Subtlest 'Racism' Imputation Yet
Yes! Weekly, a Greensboro, N.C.-based tabloid, has come up with an especially clever way of insinuating that the tea-party movement is racist:
[Bill] Randall [a Republican candidate for Congress] said the relative silence within the Tea Party on subsequent constitutional amendments--most notably the Thirteenth Amendment, banning slavery, and the Fourteenth Amendment, guaranteeing equal protection under the law--should not be taken as an indication that theyre [sic] valued any less.
"The Tea Party movement tends to concentrate on the articles of the Constitution that have been significantly downplayed and abused, overemphasized or restricted," Randall said. "We're actually touching where it hurts. If there was a movement afoot in Congress to limit firearms, you would see an emphasis on the Second Amendment."

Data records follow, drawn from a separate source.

lemma G_partial_sum_recurrence:
  "(\<Sum>p<Suc N. G_term m p) = (\<Sum>p<Suc N. G_term (Suc m) p)
     + block_weight m 1 * (\<Sum>p<N. G_term (m + 2) p) + block_weight m 2 * (\<Sum>p<N. G_term (m + 3) p)"
proof -
  have "(\<Sum>p<Suc N. G_term m p) = 1 + (\<Sum>p<N. G_term m (Suc p))"
    by (simp only: sum.lessThan_Suc_shift G_term_0)
  also have "\<dots> = 1 + (\<Sum>p<N. G_term (Suc m) (Suc p))
     + block_weight m 1 * (\<Sum>p<N. G_term (m + 2) p) + block_weight m 2 * (\<Sum>p<N. G_term (m + 3) p)"
    by (simp only: G_term_recurrence[of m] sum.distrib sum_distrib_left add.assoc)
  also have "1 + (\<Sum>p<N. G_term (Suc m) (Suc p)) = (\<Sum>p<Suc N. G_term (Suc m) p)"
    by (simp only: sum.lessThan_Suc_shift G_term_0)
  finally show ?thesis .
qed

lemma G_series_recurrence:
  "G_series m = G_series (Suc m) + block_weight m 1 * G_series (m + 2)
                  + block_weight m 2 * G_series (m + 3)" (is "_ = ?R")
proof (rule fps_ext)
  fix a
  have tail: "(h * (\<Sum>p<Suc a. G_term k p)) $ a = (h * G_series k) $ a" for h k
    by (rule times_nth_cong) (rule G_series_partial, simp)
  have "G_series m $ a = (\<Sum>p<Suc (Suc a). G_term m p) $ a"
    by (rule G_series_partial[symmetric]) simp
  also have "\<dots> = ?R $ a"
    using G_series_partial[of a "Suc (Suc a)" "Suc m"]
    unfolding G_partial_sum_recurrence[where N = "Suc a" and m = m] fps_add_nth tail by simp
  finally show "G_series m $ a = ?R $ a" .
qed

(* Both short_sum m n and G_m obey the same recursion and begin with 1, so they agree
   below q^(2(m+n)+2): every step of the recursion passes to a larger m, whose
   deviation from 1 starts at a higher power of q (G_series_low). *)
lemma short_sum_approximates_G:
  "a < 2 * (m + n) + 2 \<Longrightarrow> short_sum m n $ a = G_series m $ a"
proof (induction n arbitrary: m a rule: less_induct)
  case (less n)
  have IH: "short_sum m' j $ a' = G_series m' $ a'" if "j < n" "a' < 2 * (m' + j) + 2" for j m' a'
    using less.IH that by blast
  show ?case
  proof (cases n)
    case 0
    then show ?thesis using less.prems by (simp add: short_sum_0 G_series_low)
  next
    case (Suc k)
    have shift1: "G_series (Suc m) $ a = short_sum (Suc m) k $ a"
      using IH[where j = k and m' = "Suc m" and a' = a] less.prems Suc by simp
    have shift2: "(block_weight m 1 * G_series (m + 2)) $ a
                    = (block_weight m 1 * short_sum (m + 2) (k - 1)) $ a"
      unfolding block_weight_1
    proof (rule mono_times_nth_cong)
      fix i assume "i + (2 * m + 2) \<le> a"
      then show "G_series (m + 2) $ i = short_sum (m + 2) (k - 1) $ i"
        using IH[where j = "k - 1" and m' = "m + 2" and a' = i] less.prems Suc by simp
    qed
    have shift3: "(block_weight m 2 * G_series (m + 3)) $ a
                    = (if k = 0 then 0 else block_weight m 2 * short_sum (m + 3) (k - 2)) $ a"
    proof (cases k)
      case 0
      then show ?thesis using less.prems Suc by (simp add: block_weight_2 mono_times_nth)
    next
      case (Suc k')
      have "(block_weight m 2 * G_series (m + 3)) $ a = (block_weight m 2 * short_sum (m + 3) (k' - 1)) $ a"
        unfolding block_weight_2
      proof (rule mono_times_nth_cong)
        fix i assume "i + (2 * m + 8) \<le> a"
        then show "G_series (m + 3) $ i = short_sum (m + 3) (k' - 1) $ i"
          using IH[where j = "k' - 1" and m' = "m + 3" and a' = i] less.prems \<open>n = Suc k\<close> Suc
          by simp
      qed
      then show ?thesis using Suc by simp
    qed
    have "G_series m $ a = G_series (Suc m) $ a + (block_weight m 1 * G_series (m + 2)) $ a
                         + (block_weight m 2 * G_series (m + 3)) $ a"
      by (subst G_series_recurrence) simp
    then show ?thesis by (simp only: Suc short_sum_Suc fps_add_nth shift1 shift2 shift3)
  qed
qed

definition K_series :: "rat fps fps" where
  "K_series = G_series 0 + block_weight 0 3 * G_series 4"

lemma Kpoly_converges: "\<forall>\<^sub>F n in sequentially. Kpoly n $ a = K_series $ a"
proof (rule eventually_sequentiallyI)
  fix n assume "a + 4 \<le> n"
  define k where "k = n - 4"
  have n: "n = k + 4" and "a \<le> k" using \<open>a + 4 \<le> n\<close> by (simp_all add: k_def)
  have "Kpoly n $ a = short_sum 0 (k + 4) $ a + (block_weight 0 3 * short_sum 4 k) $ a"
    by (simp only: n Kpoly_decomposition fps_add_nth)
  also have "short_sum 0 (k + 4) $ a = G_series 0 $ a"
    using \<open>a \<le> k\<close> by (intro short_sum_approximates_G) simp
  also have "(block_weight 0 3 * short_sum 4 k) $ a = (block_weight 0 3 * G_series 4) $ a"
    using \<open>a \<le> k\<close> by (intro times_nth_cong short_sum_approximates_G) simp
  finally show "Kpoly n $ a = K_series $ a" by (simp add: K_series_def)
qed

lemma Kterm_sums: "Kterm sums K_series"
  unfolding sums_def
proof (rule tendsto_fpsI, rule eventually_sequentiallyI)
  fix a N :: nat assume "Suc a \<le> N"
  have "(\<Sum>p<N. Kterm p) = (\<Sum>p<N. G_term 0 p) + block_weight 0 3 * (\<Sum>p<N. G_term 4 p)"
    by (simp add: Kterm_eq sum.distrib sum_distrib_left)
  also have "\<dots> $ a = (\<Sum>p<N. G_term 0 p) $ a + (block_weight 0 3 * (\<Sum>p<N. G_term 4 p)) $ a"
    by (rule fps_add_nth)
  also have "(\<Sum>p<N. G_term 0 p) $ a = G_series 0 $ a"
    using \<open>Suc a \<le> N\<close> by (intro G_series_partial) simp
  also have "(block_weight 0 3 * (\<Sum>p<N. G_term 4 p)) $ a = (block_weight 0 3 * G_series 4) $ a"
    using \<open>Suc a \<le> N\<close> by (intro times_nth_cong G_series_partial) simp
  finally show "(\<Sum>p<N. Kterm p) $ a = K_series $ a" by (simp add: K_series_def)
qed

theorem mainTheorem11:
  "\<exists>K :: rat fps fps.
     (\<forall>a b. \<forall>\<^sub>F n in sequentially. fps_nth (fps_nth (Kpoly n) a) b = fps_nth (fps_nth K a) b)
     \<and> Kterm sums K"
proof (intro exI conjI allI)
  fix a b
  show "\<forall>\<^sub>F n in sequentially. Kpoly n $ a $ b = K_series $ a $ b"
    using Kpoly_converges[of a] by eventually_elim simp
qed (rule Kterm_sums)

end
lemma exp_series_mass_coeff_pos:
  assumes b: "b \<in> interior (Sset \<gamma>)"
  shows "exp_series (mass_coeff \<gamma> k) b > 0"
proof -
  have bS: "b \<in> Sset \<gamma>"
    using b interior_subset by blast
  have "summable (\<lambda>m. mass_coeff \<gamma> k m * exp b ^ m)"
    by (rule exp_series_inside_summable[OF interior_Sset_exp_series_inside[OF b]])
  moreover have "mass_coeff \<gamma> k m * exp b ^ m \<ge> 0" for m
    using mass_coeff_nonneg[OF bS] by simp
  moreover have "mass_coeff \<gamma> k 1 * exp b ^ 1 > 0"
    using Sset_gamma_pos[OF bS, of 1] by (simp add: mass_coeff_def)
  ultimately show ?thesis
    unfolding exp_series_def by (rule suminf_pos2)
qed

lemma Zsum_pos: "b \<in> interior (Sset \<gamma>) \<Longrightarrow> Zsum \<gamma> b > 0"
  by (simp add: Zsum_eq_exp_series exp_series_mass_coeff_pos)

lemma avg_powi_pos: "b \<in> interior (Sset \<gamma>) \<Longrightarrow> avg \<gamma> b (\<lambda>m. real m powi k) > 0"
  by (simp add: avg_powi_eq_exp_series exp_series_mass_coeff_pos)

lemma avg_powi_zero: "b \<in> interior (Sset \<gamma>) \<Longrightarrow> avg \<gamma> b (\<lambda>m. real m powi 0) = 1"
  using avg_powi_eq_exp_series[of \<gamma> b 0] exp_series_mass_coeff_pos[of b \<gamma> 1] by simp

lemma has_real_derivative_exp_series_mass_coeff:
  "b \<in> interior (Sset \<gamma>) \<Longrightarrow>
    (exp_series (mass_coeff \<gamma> k) has_real_derivative exp_series (mass_coeff \<gamma> (k + 1)) b) (at b)"
  using exp_series_has_derivative(1)[OF interior_Sset_exp_series_inside] by (simp add: mult_mass_coeff)

lemma avg_powi_has_real_derivative:
  assumes b: "b \<in> interior (Sset \<gamma>)"
  shows "((\<lambda>b. avg \<gamma> b (\<lambda>m. real m powi k)) has_real_derivative
      avg \<gamma> b (\<lambda>m. real m powi (k + 1)) - avg \<gamma> b (\<lambda>m. real m powi k) * avg \<gamma> b real) (at b)"
proof -
  have pos: "exp_series (mass_coeff \<gamma> 1) b > 0"
    by (rule exp_series_mass_coeff_pos[OF b])
  have "((\<lambda>b. exp_series (mass_coeff \<gamma> (k + 1)) b / exp_series (mass_coeff \<gamma> 1) b) has_real_derivative
      (exp_series (mass_coeff \<gamma> (k + 2)) b * exp_series (mass_coeff \<gamma> 1) b
        - exp_series (mass_coeff \<gamma> (k + 1)) b * exp_series (mass_coeff \<gamma> 2) b)
      / (exp_series (mass_coeff \<gamma> 1) b * exp_series (mass_coeff \<gamma> 1) b)) (at b)"
    using has_real_derivative_exp_series_mass_coeff[OF b, of "k + 1"]
      has_real_derivative_exp_series_mass_coeff[OF b, of 1] pos
    by (auto intro!: derivative_eq_intros simp: add.assoc power2_eq_square)
  then show ?thesis
    using pos
    by (simp add: avg_powi_eq_exp_series avg_mass_eq_exp_series add.assoc field_simps)
qed

lemma ln_Zsum_has_real_derivative:
  assumes b: "b \<in> interior (Sset \<gamma>)"
  shows "((\<lambda>b. ln (Zsum \<gamma> b)) has_real_derivative avg \<gamma> b real) (at b)"
  using has_real_derivative_exp_series_mass_coeff[OF b, of 1] exp_series_mass_coeff_pos[OF b, of 1]
  by (auto intro!: derivative_eq_intros simp: Zsum_eq_exp_series avg_mass_eq_exp_series)

lemma avg_powi_square_le:
  assumes b: "b \<in> interior (Sset \<gamma>)"
  shows "(avg \<gamma> b (\<lambda>m. real m powi k))\<^sup>2 \<le> avg \<gamma> b (\<lambda>m. real m powi (2 * k))"
proof -
  have bS: "b \<in> Sset \<gamma>"
    using b interior_subset by blast
  define E where "E j = exp_series (mass_coeff \<gamma> j) b" for j
  define a where "a = E (k + 1) / E 1"
  define x where "x j m = mass_coeff \<gamma> j m * exp b ^ m" for j m
  have sx: "x j sums E j" for j
    unfolding x_def E_def exp_series_def
    by (intro summable_sums exp_series_inside_summable interior_Sset_exp_series_inside b)
  have E1: "E 1 > 0"
    unfolding E_def by (rule exp_series_mass_coeff_pos[OF b])
  have "x (2 * k + 1) m - 2 * a * x (k + 1) m + a\<^sup>2 * x 1 m = x 1 m * (real m powi k - a)\<^sup>2" for m
  proof (cases "m = 0")
    case False
    have "real m powi (2 * k) = (real m powi k)\<^sup>2"
      using power_int_mult[of "real m" k 2] by (simp add: mult.commute)
    then have "real m powi (2 * k + 1) = real m * (real m powi k)\<^sup>2"
      using False by (simp add: power_int_add_1')
    moreover have "real m powi (k + 1) = real m * real m powi k"
      using False by (simp add: power_int_add_1')
    ultimately show ?thesis
      using False Sset_gamma_pos[OF bS, of m]
      by (simp add: x_def mass_coeff_def power2_eq_square field_simps)
  qed (simp add: x_def mass_coeff_def)
  moreover have "x 1 m * (real m powi k - a)\<^sup>2 \<ge> 0" for m
    using mass_coeff_nonneg[OF bS] by (simp add: x_def)
  ultimately have nonneg: "0 \<le> x (2 * k + 1) m - 2 * a * x (k + 1) m + a\<^sup>2 * x 1 m" for m
    by simp
  have "(\<lambda>m. x (2 * k + 1) m - 2 * a * x (k + 1) m + a\<^sup>2 * x 1 m)
      sums (E (2 * k + 1) - 2 * a * E (k + 1) + a\<^sup>2 * E 1)"
    by (intro sums_add sums_diff sums_mult sx)
  from sums_le[OF nonneg sums_zero this]
  have "0 \<le> E (2 * k + 1) - 2 * a * E (k + 1) + a\<^sup>2 * E 1" .
  also have "\<dots> = E 1 * (E (2 * k + 1) / E 1 - a\<^sup>2)"
    using E1 by (simp add: a_def field_simps power2_eq_square)
  finally show ?thesis
    using E1 by (simp add: avg_powi_eq_exp_series a_def E_def zero_le_mult_iff)
qed

lemma nucoef_nonneg:
  assumes "\<rho> \<ge> 0" "\<Theta> \<ge> 0" "b \<in> interior (Sset \<gamma>)"
  shows "nucoef \<gamma> \<rho> \<Theta> b \<ge> 0"
proof -
  have "(avg \<gamma> b (\<lambda>m. real m powi (-1)))\<^sup>2 \<le> avg \<gamma> b (\<lambda>m. real m powi (-2))"
    using avg_powi_square_le[OF assms(3), of "-1"] by simp
  then show ?thesis
    using assms(1,2) by (simp add: nucoef_def avg_inverse_mass_eq_powi)
qed

lemma kappacoef_nonneg:
  "\<rho> \<ge> 0 \<Longrightarrow> \<Theta> \<ge> 0 \<Longrightarrow> b \<in> interior (Sset \<gamma>) \<Longrightarrow> kappacoef n \<gamma> \<rho> \<Theta> b \<ge> 0"
  using avg_powi_pos[of b \<gamma> "-2"]
  by (simp add: kappacoef_def avg_inverse_mass_eq_powi less_imp_le)

lemma mucoef_nonneg:
  "\<rho> \<ge> 0 \<Longrightarrow> \<Theta> \<ge> 0 \<Longrightarrow> b \<in> interior (Sset \<gamma>) \<Longrightarrow> mucoef \<gamma> \<rho> \<Theta> b \<ge> 0"
  using avg_powi_pos[of b \<gamma> "-1"]
  by (simp add: mucoef_def avg_inverse_mass_eq_powi less_imp_le)

lemma ln_Zpart:
  "\<Theta> > 0 \<Longrightarrow> b \<in> interior (Sset \<gamma>) \<Longrightarrow>
    ln (Zpart n \<gamma> b \<Theta>) = real n / 2 * ln (2 * pi * \<Theta>) + ln (Zsum \<gamma> b)"
  using Zsum_pos[of b \<gamma>] by (simp add: Zpart_def ln_mult_pos ln_powr)

section \<open>Smooth positive states\<close>

locale nsme_state =
  fixes \<gamma> :: "nat \<Rightarrow> real" and \<Omega> :: "((real ^ 'n::finite) \<times> real) set"
    and \<rho> \<Theta> \<beta> :: "(real ^ 'n) \<times> real \<Rightarrow> real" and u :: "(real ^ 'n) \<times> real \<Rightarrow> real ^ 'n"
  assumes open_\<Omega>: "open \<Omega>"
    and smooth_\<rho>: "smooth_on \<Omega> \<rho>" and smooth_u: "smooth_on \<Omega> u"
    and smooth_\<Theta>: "smooth_on \<Omega> \<Theta>" and smooth_\<beta>: "smooth_on \<Omega> \<beta>"
    and \<rho>_pos: "\<And>w. w \<in> \<Omega> \<Longrightarrow> \<rho> w > 0" and \<Theta>_pos: "\<And>w. w \<in> \<Omega> \<Longrightarrow> \<Theta> w > 0"
    and \<beta>_interior: "\<And>w. w \<in> \<Omega> \<Longrightarrow> \<beta> w \<in> interior (Sset \<gamma>)"
begin

abbreviation minv where "minv w \<equiv> avg \<gamma> (\<beta> w) (\<lambda>m. 1 / real m)"
abbreviation mmean where "mmean w \<equiv> avg \<gamma> (\<beta> w) real"
abbreviation N where "N w \<equiv> \<rho> w * minv w"
abbreviation p where "p w \<equiv> \<rho> w * \<Theta> w * minv w"
abbreviation chi where "chi w \<equiv> chifun \<gamma> (\<rho> w) (\<Theta> w) (\<beta> w)"
abbreviation L where "L w \<equiv> Lfun CARD('n) \<gamma> (\<rho> w) (\<Theta> w) (\<beta> w)"
abbreviation S where "S w \<equiv> Sfun CARD('n) \<gamma> (\<rho> w) (\<Theta> w) (\<beta> w)"
abbreviation \<nu> where "\<nu> w \<equiv> nucoef \<gamma> (\<rho> w) (\<Theta> w) (\<beta> w)"
abbreviation \<kappa> where "\<kappa> w \<equiv> kappacoef CARD('n) \<gamma> (\<rho> w) (\<Theta> w) (\<beta> w)"
abbreviation \<mu> where "\<mu> w \<equiv> mucoef \<gamma> (\<rho> w) (\<Theta> w) (\<beta> w)"

context
  fixes z assumes z: "z \<in> \<Omega>"
begin

lemma dir_differentiable_state:
  "dir_differentiable_at \<rho> z" "dir_differentiable_at \<Theta> z" "dir_differentiable_at \<beta> z"
  "dir_differentiable_at u z"
  using smooth_\<rho> smooth_\<Theta> smooth_\<beta> smooth_u z by (auto intro: smooth_on_dir_differentiable)

lemma dir_differentiable_state_dir_deriv:
  "dir_differentiable_at (dir_deriv v \<rho>) z" "dir_differentiable_at (dir_deriv v \<Theta>) z"
  "dir_differentiable_at (dir_deriv v \<beta>) z" "dir_differentiable_at (dir_deriv v u) z"
  using smooth_\<rho> smooth_\<Theta> smooth_\<beta> smooth_u z by (auto intro: smooth_on_dir_deriv_dir_differentiable)

lemma has_dir_deriv_state:
  "has_dir_deriv v \<rho> z (dir_deriv v \<rho> z)" "has_dir_deriv v \<Theta> z (dir_deriv v \<Theta> z)"
  "has_dir_deriv v \<beta> z (dir_deriv v \<beta> z)"
  using dir_differentiable_state by (auto intro: has_dir_deriv_dir_deriv)

lemma has_dir_deriv_avg_powi:
  "has_dir_deriv v (\<lambda>w. avg \<gamma> (\<beta> w) (\<lambda>m. real m powi k)) z
    ((avg \<gamma> (\<beta> z) (\<lambda>m. real m powi (k + 1)) - avg \<gamma> (\<beta> z) (\<lambda>m. real m powi k) * mmean z)
      * dir_deriv v \<beta> z)"
  by (rule has_dir_deriv_chain[OF avg_powi_has_real_derivative[OF \<beta>_interior[OF z]] has_dir_deriv_state(3)])

lemma dir_differentiable_avg_powi: "dir_differentiable_at (\<lambda>w. avg \<gamma> (\<beta> w) (\<lambda>m. real m powi k)) z"
  by (rule dir_differentiable_atI, rule has_dir_deriv_avg_powi)

lemma dir_differentiable_thermo:
  "dir_differentiable_at minv z" "dir_differentiable_at mmean z"
  "dir_differentiable_at \<nu> z" "dir_differentiable_at \<kappa> z" "dir_differentiable_at \<mu> z"
proof -
  show "dir_differentiable_at minv z"
    using dir_differentiable_avg_powi[of "-1"] by (simp add: avg_inverse_mass_eq_powi)
  show "dir_differentiable_at mmean z"
    using dir_differentiable_avg_powi[of 1] by simp
  note intros = dir_differentiable_intros dir_differentiable_avg_powi dir_differentiable_state
  show "dir_differentiable_at \<nu> z"
    unfolding nucoef_def avg_inverse_mass_eq_powi unfolding power2_eq_square by (intro intros)
  show "dir_differentiable_at \<kappa> z"
    unfolding kappacoef_def avg_inverse_mass_eq_powi by (intro intros)
  show "dir_differentiable_at \<mu> z"
    unfolding mucoef_def avg_inverse_mass_eq_powi by (intro intros)
qed
lemma prefers_mono:
  assumes "x \<in> A" "y \<in> A" "x \<noteq> y" "v y x \<le> v x y" "z \<in> A" "z \<noteq> x" "z \<noteq> y"
  shows "v y z \<le> v x z \<and> v z x \<le> v z y"
proof (cases "v y x = v x y")
  case True
  then show ?thesis using tie_twins[OF assms(1-3) _ assms(5-7)] by simp
next
  case False
  then have "prec xs x y" using strict_prefers_prec assms(1-4) by simp
  then show ?thesis using prec_mono assms(5-7) by blast
qed

lemma finite_A: "finite A"
  using set_xs by auto

lemma row_sum_diff_ge:
  assumes "prec xs x y"
  shows "v x y - v y x \<le> row_sum A v x - row_sum A v y"
proof -
  have "0 \<le> (\<Sum>z\<in>A - {x, y}. v x z - v y z)"
    using prec_mono[OF assms] by (intro sum_nonneg) auto
  then show ?thesis
    using row_sum_diff[OF finite_A prec_mem[OF assms], of v] by linarith
qed

lemma row_sum_eq_of_tie:
  assumes "x \<in> A" "y \<in> A" "x \<noteq> y" "v x y = v y x"
  shows "row_sum A v x = row_sum A v y"
proof -
  have "(\<Sum>z\<in>A - {x, y}. v x z - v y z) = 0"
    using tie_twins[OF assms] by (intro sum.neutral) auto
  then show ?thesis
    using row_sum_diff[OF finite_A assms(1-3), of v] assms(4) by linarith
qed

lemma row_sum_less_iff:
  assumes "x \<in> A" "y \<in> A" "x \<noteq> y"
  shows "row_sum A v y < row_sum A v x \<longleftrightarrow> v y x < v x y"
proof
  assume "v y x < v x y"
  then show "row_sum A v y < row_sum A v x"
    using row_sum_diff_ge[OF strict_prefers_prec[OF assms]] by linarith
next
  assume less: "row_sum A v y < row_sum A v x"
  show "v y x < v x y"
  proof (rule ccontr)
    assume "\<not> v y x < v x y"
    then consider "v x y = v y x" | "v x y < v y x" by linarith
    then show False
    proof cases
      case 1
      then show False using row_sum_eq_of_tie[OF assms] less by simp
    next
      case 2
      then have "prec xs y x" using strict_prefers_prec assms by simp
      then show False using row_sum_diff_ge[of y x] 2 less by linarith
    qed
  qed
qed

section \<open>The top dominant component\<close>

lemma tie_indirect_le:
  assumes "x \<in> A" "y \<in> A" "x \<noteq> y" "v x y = v y x"
  shows "indirect A v x y \<le> indirect A v y x"
proof -
  let ?\<tau> = "Transposition.transpose x y"
  have twins: "v x z = v y z" "v z x = v z y" if "z \<in> A" "z \<noteq> x" "z \<noteq> y" for z
    using tie_twins[OF assms that] by simp_all
  have automorphism: "v (?\<tau> p) (?\<tau> q) = v p q" if pq: "p \<in> A" "q \<in> A" "p \<noteq> q" for p q
  proof -
    consider "p = x" "q = y" | "p = y" "q = x" | "p \<in> {x, y}" "q \<notin> {x, y}"
      | "p \<notin> {x, y}" "q \<in> {x, y}" | "p \<notin> {x, y}" "q \<notin> {x, y}"
      using pq(3) by blast
    then show ?thesis
    proof cases
      case 3
      then have "v x q = v y q" "v q x = v q y" using twins[OF pq(2)] by simp_all
      with 3 show ?thesis by auto
    next
      case 4
      then have "v x p = v y p" "v p x = v p y" using twins[OF pq(1)] by simp_all
      with 4 show ?thesis by auto
    qed (use assms(4) in auto)
  qed
  have "indirect A v x y \<le> indirect A v (?\<tau> x) (?\<tau> y)"
    using automorphism assms(1,2) by (intro indirect_le_map[OF finite_A assms(1-3)]) auto
  then show ?thesis by simp
qed

lemma top_component_prefers:
  assumes "llull_matrix A v" "top_dominant_component A v X" "x \<in> X" "y \<in> A" "y \<notin> X"
  shows "v y x < v x y"
proof -
  have "X \<in> A // irred_rel A v"
    using assms(2) unfolding top_dominant_component_def irred_components_def by simp
  then have "X \<subseteq> A"
    unfolding quotient_def irred_rel_def by auto
  with assms(3-5) have x: "x \<in> A" "x \<noteq> y" by auto
  let ?Y = "irred_rel A v `` {y}"
  have "?Y \<in> irred_components A v"
    unfolding irred_components_def using assms(4) by (rule quotientI)
  moreover have "y \<in> ?Y"
    unfolding irred_rel_def using assms(4) by simp
  ultimately have "comp_dominates A v X ?Y"
    using assms(2,5)
    unfolding top_dominant_component_def by auto
  with assms(3) \<open>y \<in> ?Y\<close> have xy: "indirect A v x y > 0" and yx: "indirect A v y x = 0"
    unfolding comp_dominates_def dominates_def by auto
  have "0 \<le> v x y" "0 \<le> v y x"
    using assms(1,4) x unfolding llull_matrix_def by auto
  moreover have "v y x \<le> 0"
    using le_indirect[OF finite_A assms(4) x(1), of v] x(2) yx by simp
  moreover have "v x y \<noteq> v y x"
    using tie_indirect_le[OF x(1) assms(4) x(2)] xy yx by auto
  ultimately show ?thesis by linarith
qed

end

theorem lemma3p4:
  fixes A :: "'a set" and v :: "'a \<Rightarrow> 'a \<Rightarrow> real" and xs :: "'a list" and X :: "'a set"
  assumes "finite A" and "card A \<ge> 2"
    and "llull_matrix A v"
    and "has_CLC A v"
    and "\<exists>x\<in>A. \<exists>y\<in>A. x \<noteq> y \<and> v x y \<noteq> 0"
    and "admissible_order A v xs"
    and "top_dominant_component A v X"
  shows "\<forall>x\<in>A. \<forall>y\<in>A. x \<noteq> y \<longrightarrow>
     (prec xs x y \<longrightarrow> mean_score A v x \<ge> mean_score A v y) \<and>
     (mean_score A v x = mean_score A v y \<longleftrightarrow> v x y = v y x) \<and>
     (mean_score A v x \<ge> mean_score A v y \<longrightarrow>
        v x y \<ge> v y x \<and> (\<forall>z\<in>A. z \<notin> {x, y} \<longrightarrow> v x z \<ge> v y z \<and> v z x \<le> v z y)) \<and>
     (mean_score A v x > mean_score A v y \<longleftrightarrow> v x y > v y x) \<and>
     (v x y > v y x \<longrightarrow> prec xs x y) \<and>
     (x \<in> X \<and> y \<notin> X \<longrightarrow> mean_score A v x > mean_score A v y)"
proof -
  \<comment> \<open>Finiteness, CLC structure and non-vanishing only serve to provide \<open>xs\<close> and \<open>X\<close>.\<close>
  interpret admissible A v xs
    using assms(6) by (rule admissible.intro)
  have score_less_iff: "mean_score A v y < mean_score A v x \<longleftrightarrow> v y x < v x y"
    if "x \<in> A" "y \<in> A" "x \<noteq> y" for x y
    using mean_score_less_iff[OF assms(2)] row_sum_less_iff[OF that] by simp
  have score_eq_iff: "mean_score A v x = mean_score A v y \<longleftrightarrow> v x y = v y x"
    if "x \<in> A" "y \<in> A" "x \<noteq> y" for x y
    using score_less_iff[OF that] score_less_iff[OF that(2,1) that(3)[symmetric]]
    by (metis linorder_neq_iff)
  have top_prefers: "v y x < v x y" if "x \<in> X" "y \<in> A" "y \<notin> X" for x y
    using top_component_prefers[OF assms(3,7) that] .
  show ?thesis
    using score_less_iff score_eq_iff prec_le strict_prefers_prec prefers_mono top_prefers
    by (auto simp: not_less[symmetric])
qed

end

That should be "relative quiet" or simply "silence." Either you're silent or you're not; there are no degrees.
More substantively, while Randall's explanation is sufficient in the case of the 13th Amendment--slavery is gone and never coming back--the tea-party movement's lack of interest in the 14th Amendment is evidence that it is not driven by racial grievance. If it were, its adherents would argue that the 14th Amendment's requirement for equal protection is "significantly downplayed and abused" by legislative, administrative and judicial decisions giving preferential treatment to minorities.